• **Assigned task**:
Reproduce the top of the data verbatim, through and including the line that contains "(if pending s then Update".

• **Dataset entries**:

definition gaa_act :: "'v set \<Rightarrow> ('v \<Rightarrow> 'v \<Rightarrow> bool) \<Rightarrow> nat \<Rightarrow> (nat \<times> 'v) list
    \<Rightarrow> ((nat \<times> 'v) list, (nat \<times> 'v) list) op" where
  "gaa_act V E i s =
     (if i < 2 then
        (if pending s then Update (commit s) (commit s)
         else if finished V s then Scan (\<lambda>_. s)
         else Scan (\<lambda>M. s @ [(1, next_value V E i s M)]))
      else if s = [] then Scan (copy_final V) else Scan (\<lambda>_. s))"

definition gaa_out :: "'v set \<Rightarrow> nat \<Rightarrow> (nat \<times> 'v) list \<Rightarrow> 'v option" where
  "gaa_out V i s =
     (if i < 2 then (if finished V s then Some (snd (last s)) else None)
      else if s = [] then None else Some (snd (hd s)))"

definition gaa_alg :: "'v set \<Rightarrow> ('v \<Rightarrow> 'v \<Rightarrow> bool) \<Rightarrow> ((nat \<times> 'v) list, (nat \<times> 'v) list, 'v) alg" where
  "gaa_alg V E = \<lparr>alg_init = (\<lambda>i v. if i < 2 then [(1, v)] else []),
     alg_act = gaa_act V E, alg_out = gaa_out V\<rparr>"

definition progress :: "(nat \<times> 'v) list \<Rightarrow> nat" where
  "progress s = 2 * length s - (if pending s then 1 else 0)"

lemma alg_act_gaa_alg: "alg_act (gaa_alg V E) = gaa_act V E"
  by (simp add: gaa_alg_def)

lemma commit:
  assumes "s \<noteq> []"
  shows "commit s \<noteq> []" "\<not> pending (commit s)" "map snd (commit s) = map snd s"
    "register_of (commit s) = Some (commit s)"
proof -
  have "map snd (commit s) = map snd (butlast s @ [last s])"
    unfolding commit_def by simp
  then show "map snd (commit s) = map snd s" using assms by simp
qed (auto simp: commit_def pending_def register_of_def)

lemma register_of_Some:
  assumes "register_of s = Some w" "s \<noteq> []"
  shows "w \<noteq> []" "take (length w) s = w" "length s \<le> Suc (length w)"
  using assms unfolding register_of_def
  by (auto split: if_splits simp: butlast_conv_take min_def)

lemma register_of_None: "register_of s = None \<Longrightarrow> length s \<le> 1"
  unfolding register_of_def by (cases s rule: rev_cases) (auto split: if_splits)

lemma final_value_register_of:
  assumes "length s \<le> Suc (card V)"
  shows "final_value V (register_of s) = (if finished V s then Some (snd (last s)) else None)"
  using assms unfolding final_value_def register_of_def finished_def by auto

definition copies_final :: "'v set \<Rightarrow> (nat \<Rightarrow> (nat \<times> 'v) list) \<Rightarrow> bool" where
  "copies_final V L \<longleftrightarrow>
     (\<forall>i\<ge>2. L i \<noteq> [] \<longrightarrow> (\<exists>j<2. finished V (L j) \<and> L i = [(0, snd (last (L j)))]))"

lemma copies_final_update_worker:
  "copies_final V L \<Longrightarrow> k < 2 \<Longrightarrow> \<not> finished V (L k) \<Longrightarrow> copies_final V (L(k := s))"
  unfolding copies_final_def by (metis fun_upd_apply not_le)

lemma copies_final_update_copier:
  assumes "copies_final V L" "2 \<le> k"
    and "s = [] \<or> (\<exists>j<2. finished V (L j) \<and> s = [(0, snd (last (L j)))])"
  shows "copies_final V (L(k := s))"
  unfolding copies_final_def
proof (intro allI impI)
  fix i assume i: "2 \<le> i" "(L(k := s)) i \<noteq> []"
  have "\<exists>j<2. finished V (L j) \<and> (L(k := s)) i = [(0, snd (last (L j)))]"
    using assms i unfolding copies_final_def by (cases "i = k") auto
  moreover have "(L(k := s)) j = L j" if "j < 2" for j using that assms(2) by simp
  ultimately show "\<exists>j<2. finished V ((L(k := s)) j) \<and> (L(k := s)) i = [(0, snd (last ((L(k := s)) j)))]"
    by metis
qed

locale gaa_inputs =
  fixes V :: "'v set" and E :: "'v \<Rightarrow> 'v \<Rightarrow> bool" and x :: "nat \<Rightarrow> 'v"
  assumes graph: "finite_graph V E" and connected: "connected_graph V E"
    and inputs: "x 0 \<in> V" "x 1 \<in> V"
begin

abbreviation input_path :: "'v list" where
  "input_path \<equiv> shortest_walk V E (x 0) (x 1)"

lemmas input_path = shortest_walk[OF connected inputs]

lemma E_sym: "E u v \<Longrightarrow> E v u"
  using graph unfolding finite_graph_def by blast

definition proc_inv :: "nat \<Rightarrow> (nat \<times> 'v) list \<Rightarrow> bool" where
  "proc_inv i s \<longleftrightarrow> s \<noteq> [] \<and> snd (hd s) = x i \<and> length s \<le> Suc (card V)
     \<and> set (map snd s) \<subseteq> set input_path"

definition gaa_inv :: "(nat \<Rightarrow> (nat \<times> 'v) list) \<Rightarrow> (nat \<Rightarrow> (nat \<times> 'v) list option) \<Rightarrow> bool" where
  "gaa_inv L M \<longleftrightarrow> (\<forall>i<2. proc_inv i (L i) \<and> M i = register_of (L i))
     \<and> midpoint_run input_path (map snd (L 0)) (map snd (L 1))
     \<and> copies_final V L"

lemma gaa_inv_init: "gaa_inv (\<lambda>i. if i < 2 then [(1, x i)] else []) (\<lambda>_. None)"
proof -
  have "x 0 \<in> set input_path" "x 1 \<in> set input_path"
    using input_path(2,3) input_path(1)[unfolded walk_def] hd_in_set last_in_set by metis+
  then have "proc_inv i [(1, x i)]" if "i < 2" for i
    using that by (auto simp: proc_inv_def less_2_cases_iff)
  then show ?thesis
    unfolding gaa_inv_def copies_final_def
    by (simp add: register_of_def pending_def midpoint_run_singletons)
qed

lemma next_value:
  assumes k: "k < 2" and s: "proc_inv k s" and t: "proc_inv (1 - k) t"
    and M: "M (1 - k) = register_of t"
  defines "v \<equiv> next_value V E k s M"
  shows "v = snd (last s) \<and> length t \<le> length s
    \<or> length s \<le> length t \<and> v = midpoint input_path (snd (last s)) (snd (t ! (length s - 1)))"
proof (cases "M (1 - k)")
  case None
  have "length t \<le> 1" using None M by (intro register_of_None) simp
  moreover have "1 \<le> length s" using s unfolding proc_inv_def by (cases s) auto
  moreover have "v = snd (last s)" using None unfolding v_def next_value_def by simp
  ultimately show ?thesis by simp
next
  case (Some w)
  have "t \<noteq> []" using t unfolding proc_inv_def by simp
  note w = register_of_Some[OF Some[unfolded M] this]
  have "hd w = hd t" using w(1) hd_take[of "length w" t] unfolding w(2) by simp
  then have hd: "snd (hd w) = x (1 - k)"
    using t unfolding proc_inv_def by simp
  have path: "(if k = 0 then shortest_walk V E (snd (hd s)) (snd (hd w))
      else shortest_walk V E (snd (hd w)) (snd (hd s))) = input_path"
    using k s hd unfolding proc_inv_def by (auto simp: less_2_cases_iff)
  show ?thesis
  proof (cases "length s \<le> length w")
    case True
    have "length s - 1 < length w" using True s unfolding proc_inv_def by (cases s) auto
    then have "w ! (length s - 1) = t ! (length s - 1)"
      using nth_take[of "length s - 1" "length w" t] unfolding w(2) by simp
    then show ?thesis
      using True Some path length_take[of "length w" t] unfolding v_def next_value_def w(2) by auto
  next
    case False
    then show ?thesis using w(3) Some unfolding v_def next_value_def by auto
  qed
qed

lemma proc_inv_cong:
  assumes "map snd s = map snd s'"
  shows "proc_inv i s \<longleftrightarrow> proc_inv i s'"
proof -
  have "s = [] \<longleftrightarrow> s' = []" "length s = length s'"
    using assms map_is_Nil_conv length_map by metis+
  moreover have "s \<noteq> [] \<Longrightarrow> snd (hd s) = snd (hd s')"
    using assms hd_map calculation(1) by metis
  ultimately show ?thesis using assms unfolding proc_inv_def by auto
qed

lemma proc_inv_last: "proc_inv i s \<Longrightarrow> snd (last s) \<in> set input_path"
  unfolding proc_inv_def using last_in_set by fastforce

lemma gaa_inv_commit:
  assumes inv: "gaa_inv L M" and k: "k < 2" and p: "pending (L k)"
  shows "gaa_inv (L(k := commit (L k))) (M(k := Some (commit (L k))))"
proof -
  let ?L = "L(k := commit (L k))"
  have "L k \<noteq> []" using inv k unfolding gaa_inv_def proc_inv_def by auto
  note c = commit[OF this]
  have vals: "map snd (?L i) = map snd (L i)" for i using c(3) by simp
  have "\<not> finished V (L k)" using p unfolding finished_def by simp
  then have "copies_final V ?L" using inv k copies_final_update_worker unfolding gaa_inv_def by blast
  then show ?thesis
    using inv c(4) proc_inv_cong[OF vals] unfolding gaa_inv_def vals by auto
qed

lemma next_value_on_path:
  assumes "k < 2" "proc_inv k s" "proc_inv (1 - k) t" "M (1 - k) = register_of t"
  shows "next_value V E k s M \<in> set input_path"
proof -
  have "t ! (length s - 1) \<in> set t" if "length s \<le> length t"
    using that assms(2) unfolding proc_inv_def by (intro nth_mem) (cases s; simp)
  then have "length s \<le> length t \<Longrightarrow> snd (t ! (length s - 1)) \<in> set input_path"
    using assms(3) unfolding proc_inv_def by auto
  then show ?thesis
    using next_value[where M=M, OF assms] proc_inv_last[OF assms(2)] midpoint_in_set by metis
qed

• **Exercise solution**:
definition gaa_act :: "'v set \<Rightarrow> ('v \<Rightarrow> 'v \<Rightarrow> bool) \<Rightarrow> nat \<Rightarrow> (nat \<times> 'v) list
    \<Rightarrow> ((nat \<times> 'v) list, (nat \<times> 'v) list) op" where
  "gaa_act V E i s =
     (if i < 2 then
        (if pending s then Update (commit s) (commit s)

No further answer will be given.